For this project, I got to familiarize myself with a bunch of different subcomponents of D3 including scales and axes. I also decided to use some native ES6 features, so this might not show up at all in some browsers.

D3 is less of a data visualization framework and more of a toolkit of associated libraries that join data to HTML or SVG nodes. Having done a lot of work with SVG in Elm, I was feeling much more comfortable approaching this project. I struggled for a bit with one of D3’s foundational concepts: the data join. I found this article really helpful to get my mind wrapped around the concept.

I’m hosting this D3 project on Bl.ocks, which is a really handy way to host code from a GitHub Gist.

So what did I learn from my data visualization? Color is probably not the best way to visualize something like open rate. What this visualization tells me is perhaps that my earlier subscribers are the ones that tend to open my emails. I have, on average, 43 unique opens for each email. I’m not sure if that’s above or below the open rate for an average Tinyletter. Looking at my visualization, I also can’t tell what open rate correlates to. Subject line? Time of day the letter is sent? When the subscriber signed up?

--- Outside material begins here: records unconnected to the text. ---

lemma A2_split_point:
  assumes l: "l \<in> A2" and R: "R1 l \<noteq> 0"
  defines "r \<equiv> split_point l"
  shows "2 \<le> count l (R1 l)" "2 \<le> R1 l" "R1 l \<le> r" "2 \<le> count l 2" "j < 2 \<Longrightarrow> count l j = 0"
    "count l (Suc r) = 0" "size (filter_mset (\<lambda>y. y \<le> r) l) = r"
proof -
  note lA = A2_partsD[OF l]
  show cR: "2 \<le> count l (R1 l)" using R1_eq_0_or_count_ge_2[of l] R by simp
  have R_even: "even (R1 l)" using cR lA(2)[of "R1 l"] by linarith
  then show R2: "2 \<le> R1 l" using R by presburger
  show "2 \<le> count l 2" using cR lA(4)[of 2] R2 by (cases "R1 l = 2") auto
  show "j < 2 \<Longrightarrow> count l j = 0" using lA(1) lA(3)[of 1] R2 by (auto dest: less_2_cases)
  have "R1 l \<le> size (filter_mset (\<lambda>y. y \<le> R1 l) l)"
    using A2_size_filter_even[OF l cR, of "R1 l div 2"] R_even by simp
  then show "R1 l \<le> r" unfolding r_def by (rule le_split_point)
  have "r \<le> size (filter_mset (\<lambda>y. y \<le> r) l)"
    "size (filter_mset (\<lambda>y. y \<le> Suc r) l) < Suc r"
    unfolding r_def by (rule split_point_le_size, rule size_lt_Suc_split_point)
  then show "count l (Suc r) = 0" "size (filter_mset (\<lambda>y. y \<le> r) l) = r"
    using size_filter_mset_atMost_Suc[of r l] by simp_all
qed

lemma A2_unglue:
  assumes l: "l \<in> A2" and R: "R1 l \<noteq> 0"
  defines "r \<equiv> split_point l"
  defines "T \<equiv> filter_mset (\<lambda>y. r < y) l"
  shows "glue_admissible r (count l 2) T (middle_parts r l)"
    "glue (count l 2) T (middle_parts r l) = l" "middle_parts r l \<in> A2"
proof -
  let ?c = "count l 2" and ?\<mu> = "middle_parts r l"
  note sp = A2_split_point[OF l R, folded r_def]
  note c\<mu> = count_middle_parts[where r = r and l = l]
  have glue_eq: "count (glue ?c T ?\<mu>) j = count l j" for j
  proof -
    consider "j < 2" | "j = 2" | "2 < j" by linarith
    then show ?thesis
      by cases (use sp(2,3,5) c\<mu>(1)[of j] c\<mu>(1)[of 2] in \<open>auto simp: count_glue T_def\<close>)
  qed
  then show "glue ?c T ?\<mu> = l" by (intro multiset_eqI) simp
  have "filter_mset (\<lambda>y. y \<le> r) l = glue ?c {#} ?\<mu>"
  proof (rule multiset_eqI)
    fix x
    have "count l x = count (glue ?c T ?\<mu>) x" using glue_eq by simp
    then show "count (filter_mset (\<lambda>y. y \<le> r) l) x = count (glue ?c {#} ?\<mu>) x"
      using sp(2,3) c\<mu>(1)[of x] by (auto simp: count_glue T_def)
  qed
  then have size\<mu>: "?c + size ?\<mu> = r" using sp(7) by (simp add: glue_def)
  have T_ge: "\<forall>x\<in>#T. r + 2 \<le> x"
  proof
    fix x assume "x \<in># T"
    then have "r < x" "x \<noteq> Suc r" using sp(6) by (auto simp: T_def not_in_iff[symmetric])
    then show "r + 2 \<le> x" by linarith
  qed
  have T1: "\<forall>x. count T x \<le> 1"
  proof
    fix x
    have "r < x \<Longrightarrow> \<not> 2 \<le> count l x" using le_R1[of l x] sp(3) by linarith
    then show "count T x \<le> 1" by (auto simp: T_def)
  qed
  have \<mu>_parts: "\<forall>x\<in>#?\<mu>. 0 < x \<and> x + 2 \<le> r"
    using c\<mu>(2) by (auto split: if_splits simp flip: count_greater_zero_iff)
  show "glue_admissible r ?c T ?\<mu>"
    unfolding glue_admissible_def using sp(4) size\<mu> T_ge T1 \<mu>_parts by blast
  show "?\<mu> \<in> A2" by (rule A2_middle_parts[OF l sp(1,3)])
qed

section \<open>The map f\<close>

lemma f_eq_self:
  assumes "p \<in> G2" "D p = 0"
  shows "f p = p"
proof -
  have "piK p 0 = p"
    using G2_count_0[OF assms(1)] assms(2) by (intro multiset_eqI) (auto simp: piK_0 R_eq_0)
  then show ?thesis unfolding f_def using assms(2) by simp
qed

lemma R_1_add_size_piK_0_le:
  assumes p: "p \<in> G2" and le: "\<forall>x\<in>#p. x \<le> b"
  shows "R p 1 + size (piK p 0) \<le> b"
proof (cases "D p = 0")
  case True
  have "size p \<le> card {1..b}"
  proof (rule size_le_card_if_count_le_1)
    show "set_mset p \<subseteq> {1..b}"
      using le p by (auto simp: G2_def is_partition_def Suc_le_eq intro: gr0I)
  qed (use G2_no_repeats[OF p True] in auto)
  moreover have "piK p 0 = p" "R p 1 = 0"
    using f_eq_self[OF p True] True by (simp_all add: f_def R_eq_0)
  ultimately show ?thesis by simp
next
  case False
  let ?m = "R p 1"
  have "size (piK p 0) \<le> card {?m + 2..b}"
    using G2_peel(6,7)[OF p False] le by (intro size_le_card_if_count_le_1) (auto simp: piK_0)
  moreover have "?m \<le> b" using le G2_peel(3)[OF p False] by (simp flip: count_greater_zero_iff)
  ultimately show ?thesis by simp
qed

text \<open>The first bound keeps the truncated subtraction in the multiplicity of 2 exact.\<close>

lemma f_lower_part:
  assumes p: "p \<in> G2" and D: "D p \<noteq> 0"
  defines "q \<equiv> lower_part p"
  shows "R q 1 + size (piK q 0) + 2 \<le> R p 1"
    "f p = replicate_mset (R p 1 - R q 1 - size (piK q 0)) 2 + piK p 0 + image_mset (\<lambda>x. x + 2) (f q)"
proof -
  note peel = G2_peel[OF p D, folded q_def]
  have "\<forall>x\<in>#q. x \<le> R p 1 - 2" using peel(5) by force
  then show "R q 1 + size (piK q 0) + 2 \<le> R p 1"
    using R_1_add_size_piK_0_le[OF peel(4)] peel(2) by fastforce
  show "f p = replicate_mset (R p 1 - R q 1 - size (piK q 0)) 2 + piK p 0 + image_mset (\<lambda>x. x + 2) (f q)"
    using f_Rlist_Cons[OF peel(8) q_def[unfolded lower_part_def, THEN meta_eq_to_obj_eq] peel(9)] .
qed

lemma size_f: "p \<in> G2 \<Longrightarrow> size (f p) = R p 1 + size (piK p 0)"
proof (induction p rule: G2_induct)
  case (no_repeats p)
  then show ?case using f_eq_self[of p] by (simp add: f_def R_eq_0)
next
  case (peel p)
  then show ?case using f_lower_part[OF peel(1,2)] by simp
qed

lemma f_eq_glue:
  assumes p: "p \<in> G2" and D: "D p \<noteq> 0"
  shows "size (f (lower_part p)) + 2 \<le> R p 1"
    "f p = glue (R p 1 - size (f (lower_part p))) (piK p 0) (f (lower_part p))"
  using f_lower_part[OF p D] size_f[OF G2_peel(4)[OF p D]] by (simp_all add: glue_def)

lemma f_parts_pos_le:
  "p \<in> G2 \<Longrightarrow> \<forall>x\<in>#p. x \<le> b \<Longrightarrow> \<forall>y\<in>#f p. 0 < y \<and> y \<le> b"
proof (induction p arbitrary: b rule: G2_induct)
  case (no_repeats p)
  then show ?case using f_eq_self[OF no_repeats(1,2)] G2_count_0[OF no_repeats(1)]
    by (auto intro: gr0I simp flip: count_greater_zero_iff)
next
  case (peel p)
  note peel_p = G2_peel[OF peel(1,2)]
  have "\<forall>x\<in>#lower_part p. x \<le> R p 1 - 2" using peel_p(5) by force
  then have "\<forall>y\<in>#f (lower_part p). 0 < y \<and> y \<le> R p 1 - 2" by (rule peel(3))
  moreover have "R p 1 \<le> b" using peel(4) peel_p(3) by (simp flip: count_greater_zero_iff)
  ultimately show ?case
    using peel_p(2,6) peel(4) unfolding f_eq_glue(2)[OF peel(1,2)] glue_def piK_0 by auto
qed

lemma glue_admissible_f:
  assumes p: "p \<in> G2" and D: "D p \<noteq> 0"
  shows "glue_admissible (R p 1) (R p 1 - size (f (lower_part p))) (piK p 0) (f (lower_part p))"
proof -
  note peel = G2_peel[OF p D]
  have "\<forall>x\<in>#lower_part p. x \<le> R p 1 - 2" using peel(5) by force
  then have "\<forall>y\<in>#f (lower_part p). 0 < y \<and> y + 2 \<le> R p 1"
    using f_parts_pos_le[OF peel(4)] peel(2) by fastforce
  then show ?thesis unfolding glue_admissible_def using f_eq_glue(1)[OF p D] peel(6,7) by auto
qed

lemma sum_mset_f: "p \<in> G2 \<Longrightarrow> sum_mset (f p) = sum_mset p"
proof (induction p rule: G2_induct)
  case (no_repeats p)
  then show ?case by (simp add: f_eq_self)
next
  case (peel p)
  let ?m = "R p 1" and ?q = "lower_part p"
  have "sum_mset p = sum_mset (piK p 0) + 2 * ?m + sum_mset ?q"
    by (subst G2_peel(1)[OF peel(1,2)]) (simp add: sum_mset_replicate_mset)
  moreover have "sum_mset (f p) = 2 * (?m - size (f ?q)) + sum_mset (piK p 0) + (sum_mset (f ?q) + 2 * size (f ?q))"
    by (simp only: f_eq_glue(2)[OF peel(1,2)] glue_def sum_mset.union sum_mset_image_mset_add
        sum_mset_replicate_mset) simp
  ultimately show ?case using f_eq_glue(1)[OF peel(1,2)] peel(3) by simp
qed

lemma G2_parts_le_if_f_parts_le:
  assumes p: "p \<in> G2" and size_le: "size (f p) \<le> b" and parts_le: "\<forall>y\<in>#f p. y \<le> b"
  shows "\<forall>x\<in>#p. x \<le> b"
proof (cases "D p = 0")
  case True
  then show ?thesis using parts_le f_eq_self[OF p] by simp
next
  case False
  note peel = G2_peel[OF p False]
  have "R p 1 \<le> size (f p)" using f_eq_glue[OF p False] by (simp add: glue_def)
  moreover have "\<forall>x\<in>#piK p 0. x \<le> b" using parts_le f_eq_glue(2)[OF p False] by (simp add: glue_def)
  ultimately show ?thesis using size_le peel(5) by (subst peel(1)) auto
qed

I’ll have to run some more reports and do some more visualizations to better understand those things. This is not a very useful visualization.

But for now, I’m satisfied. I immersed myself in D3 and feel like it’s something I have at least a decent grasp of. As I learn more about how to visualize data, I feel comfortable knowing that I have a toolset within reach that lets me implement those ideas.

Over the next few weeks, I’m going to be picking up Ansible again for managing my FreeBSD server, and I’ll begin learning the basic building blocks of Racket. I’ll also be writing up a post-mortem on hive-city and my work with Elm.